|Lion King, The (Platinum Edition)|
|Written by Abbie Bernstein|
|Tuesday, 07 October 2003|
“The Lion King,” Disney’s African continent-sized 1994 traditional animation hit, has made its way into the pantheon of legend, with good reason. The screenplay by Irene Mecchi, Jonathan Roberts and Linda Woolverton uses classic mythic structure – young prince in exile finds his courage and returns home to save the kingdom and reclaim his birthright – as the framework for a classic Disney-style animal drama musical, with anthropomorphic lions, warthogs, hyenas, birds, etc. taking all the roles.
For anybody who has somehow missed it (this would be people who have no children under the age of 18), here’s the story in brief: Good King Mufasa (voiced by James Earl Jones) rules the verdant Pride Lands, knowing that some day his little son Simba (voiced by Jonathan Taylor Thomas) will succeed him. Mufasa’s jealous brother Scar (voiced by Jeremy Irons in what sounds a lot like an homage to “Jungle Book’s” snooty tiger villain Shere Khan) engineers Mufasa’s death and makes Simba believe he is responsible. Simba runs away and is taken in by fellow outcasts Timon (voiced by Nathan Lane), a chatty meerkat, and Pumbaa (voiced by Ernie Sabella), a flatulent warthog. Simba grows to man – er – manehood (now voiced by Matthew Broderick) under their carefree tutelage, only to go through a crisis of conscience and eventually face his demons and his Uncle Scar when he learns that the Pride Lands are withering under Scar’s dictatorship.
The song score by Sir Elton John and Sir Tim Rice has become as famous as every other aspect of “The Lion King.” While the ballad “Can You Feel the Love Tonight?” got the lion’s share of attention, it’s the opening anthem “Circle of Life” that is truly spine-tingling.
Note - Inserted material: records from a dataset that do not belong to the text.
lemma lrep_exists:
  assumes y: "y \<in> S" shows "\<exists>a. a \<in> S \<and> eqR a y \<and> eqL a (J_idem y)"
proof -
  let ?e = "J_idem y"
  have e: "?e \<in> S" "eqJ ?e y" using J_idem J_idem_in y by auto
  then obtain u v where uv: "u \<in> S" "v \<in> S" "y = f (f u ?e) v" unfolding eqJ_def leJ_def by blast
  let ?a = "f u ?e"
  have a: "?a \<in> S" using uv e by simp
  have y_av: "y = f ?a v" using uv by simp
  have "leJ y ?a" using leR_leJ[OF leR_mult[OF a uv(2)] a] by (simp only: y_av[symmetric])
  then have "leJ ?e ?a" using e a leJ_trans unfolding eqJ_def by blast
  then have "eqJ ?a ?e" unfolding eqJ_def using leJ_mult_right uv(1) e(1) by blast
  then have aL: "eqL ?a ?e" using eqL_if_eqJ_mult uv(1) e(1) by blast
  have "eqJ y ?a" unfolding eqJ_def using \<open>leJ y ?a\<close> \<open>eqJ ?a ?e\<close> e y leJ_trans unfolding eqJ_def by blast
  then have "eqR (f ?a v) ?a" using eqR_if_eqJ_mult[OF a uv(2)] by (simp only: y_av[symmetric])
  then show ?thesis using a aL eqR_sym y_av by metis
qed

lemma lrep: "y \<in> S \<Longrightarrow> lrep y \<in> S \<and> eqR (lrep y) y \<and> eqL (lrep y) (J_idem y)"
  unfolding lrep_def using someI_ex[OF lrep_exists] eqR_sym eqL_refl J_idem_in by auto

lemma lrep_cong:
  assumes y: "y \<in> S" "y' \<in> S" "eqR y y'" shows "lrep y = lrep y'"
proof -
  have e: "J_idem y = J_idem y'" using J_idem_cong eqR_eqJ y by blast
  have "eqR y (J_idem y) \<longleftrightarrow> eqR y' (J_idem y')"
    using e y eqR_trans eqR_sym J_idem_in by metis
  moreover have "(\<lambda>a. a \<in> S \<and> eqR a y \<and> eqL a (J_idem y)) = (\<lambda>a. a \<in> S \<and> eqR a y' \<and> eqL a (J_idem y'))"
    using e y eqR_trans eqR_sym by metis
  ultimately show ?thesis unfolding lrep_def e by simp
qed

lemma lrep_lrep: "y \<in> S \<Longrightarrow> lrep (lrep y) = lrep y"
  using lrep lrep_cong by blast

lemma lrep_E: "e \<in> E \<Longrightarrow> lrep e = e"
  unfolding lrep_def using J_idem_E E_in eqR_refl by simp

lemma finite_lrep: "finite (lrep ` S)"
  by (rule finite_image_factor[OF finite_R_ideals]) (use lrep_cong R_ideal_eq_iff in blast)

lemma rrep: "y \<in> S \<Longrightarrow> rrep y \<in> S \<and> eqR (rrep y) (J_idem y) \<and> eqL (rrep y) y"
  using regular_fin_ideals.lrep[OF dual] unfolding rrep_def dual_eqR dual_eqL by (simp add: dual_J_idem)

lemma rrep_cong: "y \<in> S \<Longrightarrow> y' \<in> S \<Longrightarrow> eqL y y' \<Longrightarrow> rrep y = rrep y'"
  using regular_fin_ideals.lrep_cong[OF dual] unfolding rrep_def dual_eqR .

lemma rrep_rrep: "y \<in> S \<Longrightarrow> rrep (rrep y) = rrep y"
  using rrep rrep_cong by blast

lemma rrep_E: "e \<in> E \<Longrightarrow> rrep e = e"
  using regular_fin_ideals.lrep_E[OF dual] unfolding rrep_def dual_E .

lemma finite_rrep: "finite (rrep ` S)"
  using regular_fin_ideals.finite_lrep[OF dual] unfolding rrep_def .

definition linv where "linv e a = (SOME t. t \<in> S \<and> f t a = e)"
definition rinv where "rinv e b = (SOME t. t \<in> S \<and> f b t = e)"

lemma linv: "eqL a e \<Longrightarrow> linv e a \<in> S \<and> f (linv e a) a = e"
  unfolding linv_def eqL_def leL_def by (rule someI_ex) metis

lemma rinv: "eqR b e \<Longrightarrow> rinv e b \<in> S \<and> f b (rinv e b) = e"
  unfolding rinv_def eqR_def leR_def by (rule someI_ex) metis

lemma linv_cancel:
  assumes e: "idem e" and a: "a \<in> S" "eqL a e" and y: "leR y a"
  shows "f a (f (linv e a) y) = y"
proof -
  obtain s where s: "s \<in> S" "y = f a s" using y unfolding leR_def by blast
  have a': "linv e a \<in> S" "f (linv e a) a = e" using linv a(2) by auto
  have ae: "f a e = a" using idem_right_unit e a(2) unfolding eqL_def by blast
  have "f a (f (linv e a) y) = f (f a (f (linv e a) a)) s" using a(1) a'(1) s by simp
  also have "\<dots> = y" by (simp only: a'(2) ae s(2)[symmetric])
  finally show ?thesis .
qed

lemma rinv_cancel:
  assumes e: "idem e" and b: "b \<in> S" "eqR b e" and y: "leL y b"
  shows "f (f y (rinv e b)) b = y"
proof -
  obtain t where t: "t \<in> S" "y = f t b" using y unfolding leL_def by blast
  have b': "rinv e b \<in> S" "f b (rinv e b) = e" using rinv b(2) by auto
  have eb: "f e b = b" using idem_left_unit e b(2) unfolding eqR_def by blast
  have "f (f y (rinv e b)) b = f t (f (f b (rinv e b)) b)" using b(1) b'(1) t by simp
  also have "\<dots> = y" by (simp only: b'(2) eb t(2)[symmetric])
  finally show ?thesis .
qed

lemma green_decomp:
  assumes e: "idem e" and a: "a \<in> S" "eqL a e" and b: "b \<in> S" "eqR b e"
    and y: "y \<in> S" "eqR y a" "eqL y b"
  defines "g \<equiv> f (f (linv e a) y) (rinv e b)"
  shows "g \<in> H e" "y = f (f a g) b"
proof -
  let ?a' = "linv e a" and ?b' = "rinv e b"
  have a': "?a' \<in> S" "f ?a' a = e" using linv a by auto
  have b': "?b' \<in> S" "f b ?b' = e" using rinv b by auto
  have aay: "f a (f ?a' y) = y" using linv_cancel e a y(2) unfolding eqR_def by blast
  have ybb: "f (f y ?b') b = y" using rinv_cancel e b y(3) unfolding eqL_def by blast
  have gS: "g \<in> S" unfolding g_def using a'(1) b'(1) y(1) by simp
  have "f (f a g) b = f (f (f a (f ?a' y)) ?b') b" unfolding g_def using a(1) a'(1) b'(1) y(1) by simp
  also have "\<dots> = y" by (simp only: aay ybb)
  finally show "y = f (f a g) b" by simp
  obtain s where s: "s \<in> S" "y = f a s" using y unfolding eqR_def leR_def by blast
  obtain t where t: "t \<in> S" "y = f t b" using y unfolding eqL_def leL_def by blast
  obtain r1 where r1: "r1 \<in> S" "a = f y r1" using y unfolding eqR_def leR_def by blast
  obtain r2 where r2: "r2 \<in> S" "b = f r2 y" using y unfolding eqL_def leL_def by blast
  have "g = f (f ?a' a) (f s ?b')" unfolding g_def using a(1) a'(1) b'(1) s by simp
  then have "leR g e" using leRI[of "f s ?b'"] s(1) b'(1) by (simp add: a'(2))
  have "g = f (f ?a' t) (f b ?b')" unfolding g_def using b(1) a'(1) b'(1) t by simp
  then have "leL g e" using leLI[of "f ?a' t"] t(1) a'(1) by (simp add: b'(2))
  have "f g (f b r1) = f ?a' (f (f (f y ?b') b) r1)" unfolding g_def using a'(1) b'(1) y(1) b(1) r1(1) by simp
  also have "\<dots> = e" by (simp only: ybb r1(2)[symmetric] a'(2))
  finally have "leR e g" using leRI[of "f b r1" e g] b(1) r1(1) by simp
  have "f (f r2 a) g = f (f r2 (f a (f ?a' y))) ?b'" unfolding g_def using a(1) a'(1) b'(1) y(1) r2(1) by simp
  also have "\<dots> = e" by (simp only: aay r2(2)[symmetric] b'(2))
  finally have "leL e g" using leLI[of "f r2 a" e g] a(1) r2(1) by simp
  show "g \<in> H e" unfolding H_def eqR_def eqL_def
    using gS \<open>leR g e\<close> \<open>leL g e\<close> \<open>leR e g\<close> \<open>leL e g\<close> by blast
qed

lemma green_unique:
  assumes e: "idem e" and a: "eqL a e" and b: "eqR b e" and g: "g \<in> H e"
    and "a \<in> S" "b \<in> S"
  shows "f (f (linv e a) (f (f a g) b)) (rinv e b) = g"
proof -
  have a': "linv e a \<in> S" "f (linv e a) a = e" using linv a by auto
  have b': "rinv e b \<in> S" "f b (rinv e b) = e" using rinv b by auto
  have "f (f (linv e a) (f (f a g) b)) (rinv e b) = f (f (f (linv e a) a) g) (f b (rinv e b))"
    using assms(5,6) a'(1) b'(1) H_in[OF g] by simp
  also have "\<dots> = g" using H_unit[OF e g] by (simp only: a'(2) b'(2))
  finally show ?thesis .
qed

lemma green_compose:
  assumes e: "idem e" and a: "a \<in> S" "eqL a e" and b: "b \<in> S" "eqR b e" and g: "g \<in> H e"
  shows "f (f a g) b \<in> S" "eqR (f (f a g) b) a" "eqL (f (f a g) b) b"
proof -
  let ?y = "f (f a g) b"
  have a': "linv e a \<in> S" "f (linv e a) a = e" using linv a by auto
  have b': "rinv e b \<in> S" "f b (rinv e b) = e" using rinv b by auto
  have gS: "g \<in> S" using H_in g .
  have u: "f e g = g" "f g e = g" using H_unit e g by auto
  obtain h where h: "h \<in> H e" "f g h = e" "f h g = e" using H_inverse e g by blast
  have hS: "h \<in> S" using H_in h(1) .
  have ae: "f a e = a" using idem_right_unit e a unfolding eqL_def by blast
  have eb: "f e b = b" using idem_left_unit e b unfolding eqR_def by blast
  show yS: "?y \<in> S" using a b gS by simp
  have "f ?y (f (rinv e b) h) = f a (f (f g (f b (rinv e b))) h)" using a(1) b(1) gS b'(1) hS by simp
  also have "\<dots> = a" by (simp only: b'(2) u h(2) ae)
  finally have "leR a ?y" using leRI[of "f (rinv e b) h" a ?y] b'(1) hS by simp
  moreover have "leR ?y a" using leRI[of "f g b" ?y a] a(1) b(1) gS by simp
  ultimately show "eqR ?y a" unfolding eqR_def by blast
  have "f (f h (linv e a)) ?y = f (f h (f (f (linv e a) a) g)) b" using a(1) b(1) gS a'(1) hS by simp
  also have "\<dots> = b" by (simp only: a'(2) u h(3) eb)
  finally have "leL b ?y" using leLI[of "f h (linv e a)" b ?y] a'(1) hS by simp
  moreover have "leL ?y b" using leLI[of "f a g" ?y b] a(1) gS by simp
  ultimately show "eqL ?y b" unfolding eqL_def by blast
qed

definition group_part where
  "group_part y = f (f (linv (J_idem y) (lrep y)) y) (rinv (J_idem y) (rrep y))"

lemma group_part:
  assumes y: "y \<in> S"
  shows "group_part y \<in> H (J_idem y)" "y = f (f (lrep y) (group_part y)) (rrep y)"
proof -
  have e: "idem (J_idem y)" using J_idem y by blast
  have a: "lrep y \<in> S" "eqL (lrep y) (J_idem y)" "eqR y (lrep y)" using lrep[OF y] eqR_sym by auto
  have b: "rrep y \<in> S" "eqR (rrep y) (J_idem y)" "eqL y (rrep y)" using rrep[OF y] eqL_sym by auto
  show "group_part y \<in> H (J_idem y)" "y = f (f (lrep y) (group_part y)) (rrep y)"
    unfolding group_part_def using green_decomp[OF e a(1,2) b(1,2) y a(3) b(3)] by simp_all
qed

definition J_height where "J_height y = card (J_ideal ` J_ideal y)"

lemma J_height_less:
  assumes x: "x \<in> S" and y: "y \<in> S" and xy: "leJ x y" "\<not> leJ y x"
  shows "J_height x < J_height y"
proof -
  have mem: "z \<in> J_ideal w \<longleftrightarrow> z \<in> S \<and> leJ z w" for z w unfolding J_ideal_def by simp
  have "J_ideal x \<subseteq> J_ideal y" using leJ_trans[OF _ xy(1) y] by (auto simp: mem)
  then have sub: "J_ideal ` J_ideal x \<subseteq> J_ideal ` J_ideal y" by (rule image_mono)
  have "J_ideal y \<notin> J_ideal ` J_ideal x"
  proof
    assume "J_ideal y \<in> J_ideal ` J_ideal x"
    then obtain z where z: "z \<in> J_ideal x" "J_ideal y = J_ideal z" by (rule imageE) simp
    then have "z \<in> S" "leJ z x" by (simp_all add: mem)
    moreover from this(1) have "eqJ y z" using J_ideal_eq_iff[OF y] z(2) by blast
    ultimately show False using leJ_trans x xy(2) unfolding eqJ_def by blast
  qed
  moreover have "J_ideal y \<in> J_ideal ` J_ideal y" using leJ_refl y by (simp add: mem)
  ultimately have "J_ideal ` J_ideal x \<subset> J_ideal ` J_ideal y" using sub by blast
  moreover have "finite (J_ideal ` J_ideal y)"
    by (rule finite_subset[OF image_mono finite_J_ideals]) (simp add: mem subset_iff)
  ultimately show ?thesis unfolding J_height_def by (rule psubset_card_mono[rotated])
qed

lemma J_height_eqJ: "x \<in> S \<Longrightarrow> y \<in> S \<Longrightarrow> eqJ x y \<Longrightarrow> J_height x = J_height y"
  unfolding J_height_def using J_ideal_eq_iff[of x y] by simp

lemma J_height_J_idem: "y \<in> S \<Longrightarrow> J_height (J_idem y) = J_height y"
  using J_height_eqJ J_idem J_idem_in by blast

lemma mult_J_cases:
  assumes x: "x \<in> S" and y: "y \<in> S"
  shows "eqJ (f x y) x \<and> eqJ (f x y) y \<and> J_idem x = J_idem y
    \<or> J_height (f x y) < max (J_height x) (J_height y)"
proof (cases "leJ x (f x y) \<and> leJ y (f x y)")
  case True
  then have J: "eqJ (f x y) x" "eqJ (f x y) y"
    unfolding eqJ_def using leJ_mult_left[OF x y] leJ_mult_right[OF x y] by auto
  then have "J_idem x = J_idem y" using J_idem_cong eqJ_trans eqJ_sym x y by metis
  with J show ?thesis by blast
next
  case False
  then show ?thesis
    using J_height_less[OF _ x leJ_mult_left[OF x y]] J_height_less[OF _ y leJ_mult_right[OF x y]] x y
    by (auto simp: less_max_iff_disj)
qed

definition J_rank where "J_rank e = (J_height e, to_nat_on E e)"

lemma J_rank_less: "J_height e < J_height e' \<Longrightarrow> J_rank e < J_rank e'"
  unfolding J_rank_def by (simp add: less_prod_def)

lemma J_rank_inj: "e \<in> E \<Longrightarrow> e' \<in> E \<Longrightarrow> J_rank e = J_rank e' \<Longrightarrow> e = e'"
  unfolding J_rank_def using finite_E by (simp add: countable_finite)

end

locale regular_fcrs_subgroups = regular_fin_ideals +
  assumes subgroups_fcrs: "\<forall>H. maximal_subgroup S f H \<longrightarrow> has_finite_complete_presentation H f"
begin

definition presentation_H :: "'a \<Rightarrow> nat set \<times> (nat list \<times> nat list) set \<times> (nat list \<Rightarrow> 'a)" where
  "presentation_H e = (SOME (Y, R, \<psi>). finite_complete_rws Y R \<and> pres_map Y R (H e) f \<psi>)"

definition HX where "HX e = fst (presentation_H e)"
definition HR where "HR e = fst (snd (presentation_H e))"
definition Hval where "Hval e = snd (snd (presentation_H e))"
The new digital DVD transfer does it full justice, with a rightly-touted new “enhanced home theater mix” putting forth a layered musical soundstage from the start of Chapter 1, which handles the delicate pastels of Mt. Kilomanjaro and the bright primaries of the presentation ceremony on Pride Rock with equal precision. The DVD comes with both the original theatrical version and a new version (the latter is the default if you hit “play”) – the difference between the two is the inclusion of the song “The Morning Report,” delivered by Mufasa’s toucan assistant Zazu in Chapter 3 with pun-filled flair (the song was originally introduced in the stage musical version of “Lion King,” which is in turn based on the film, speaking of circles).
Chapter 6 has a floor-shaking rumble as a volcanic hole in the ground shudders, and there are scary discrete hyena yelps in the rears that make us feel that we’re being pursued. Chapter 8 places another atmospheric volcanic eruption in the rears, setting the stage for Scar’s anthem “Be Prepared,” which carries a palette of evil-looking greens and reds in the best tradition of Disney animated menace. Chapter 13 has some fun squelchy sounds in the right main as Pumbaa happily sucks down a slug for supper – the Chapter also has a wonderfully economic rendition of Simba’s transition from cub to lion, done in a few quick cuts during the ultra-happy ode to taking it easy, “Hakuna Matata.” Chapter 19 has the voice of Robert Guillaume’s baboon shaman Rafiki jumping around discretely from speaker to speaker as the primate leaps around the frame, and there’s impressively blended African chanting in the rears during a journey montage in the same chapter.
The two-disc set is packed with a ton of extras (although, curiously, there’s no audio commentary track from directors Roger Allers and Robert Minkoff, though Allers is well-represented in on-camera interviews in the supplements). An especially interesting segment on Disc 2 deals with the stage musical, which showcases director/designer Julie Taymor’s creative way of allowing the actors to use their faces while still giving the impression of an animal aspect.
Any serious collector of animated film needs this DVD; any parent can hardly avoid it. Anyone who just loves good filmmaking will want “The Lion King,” for the simple reason that it is a splendid film, presented beautifully here.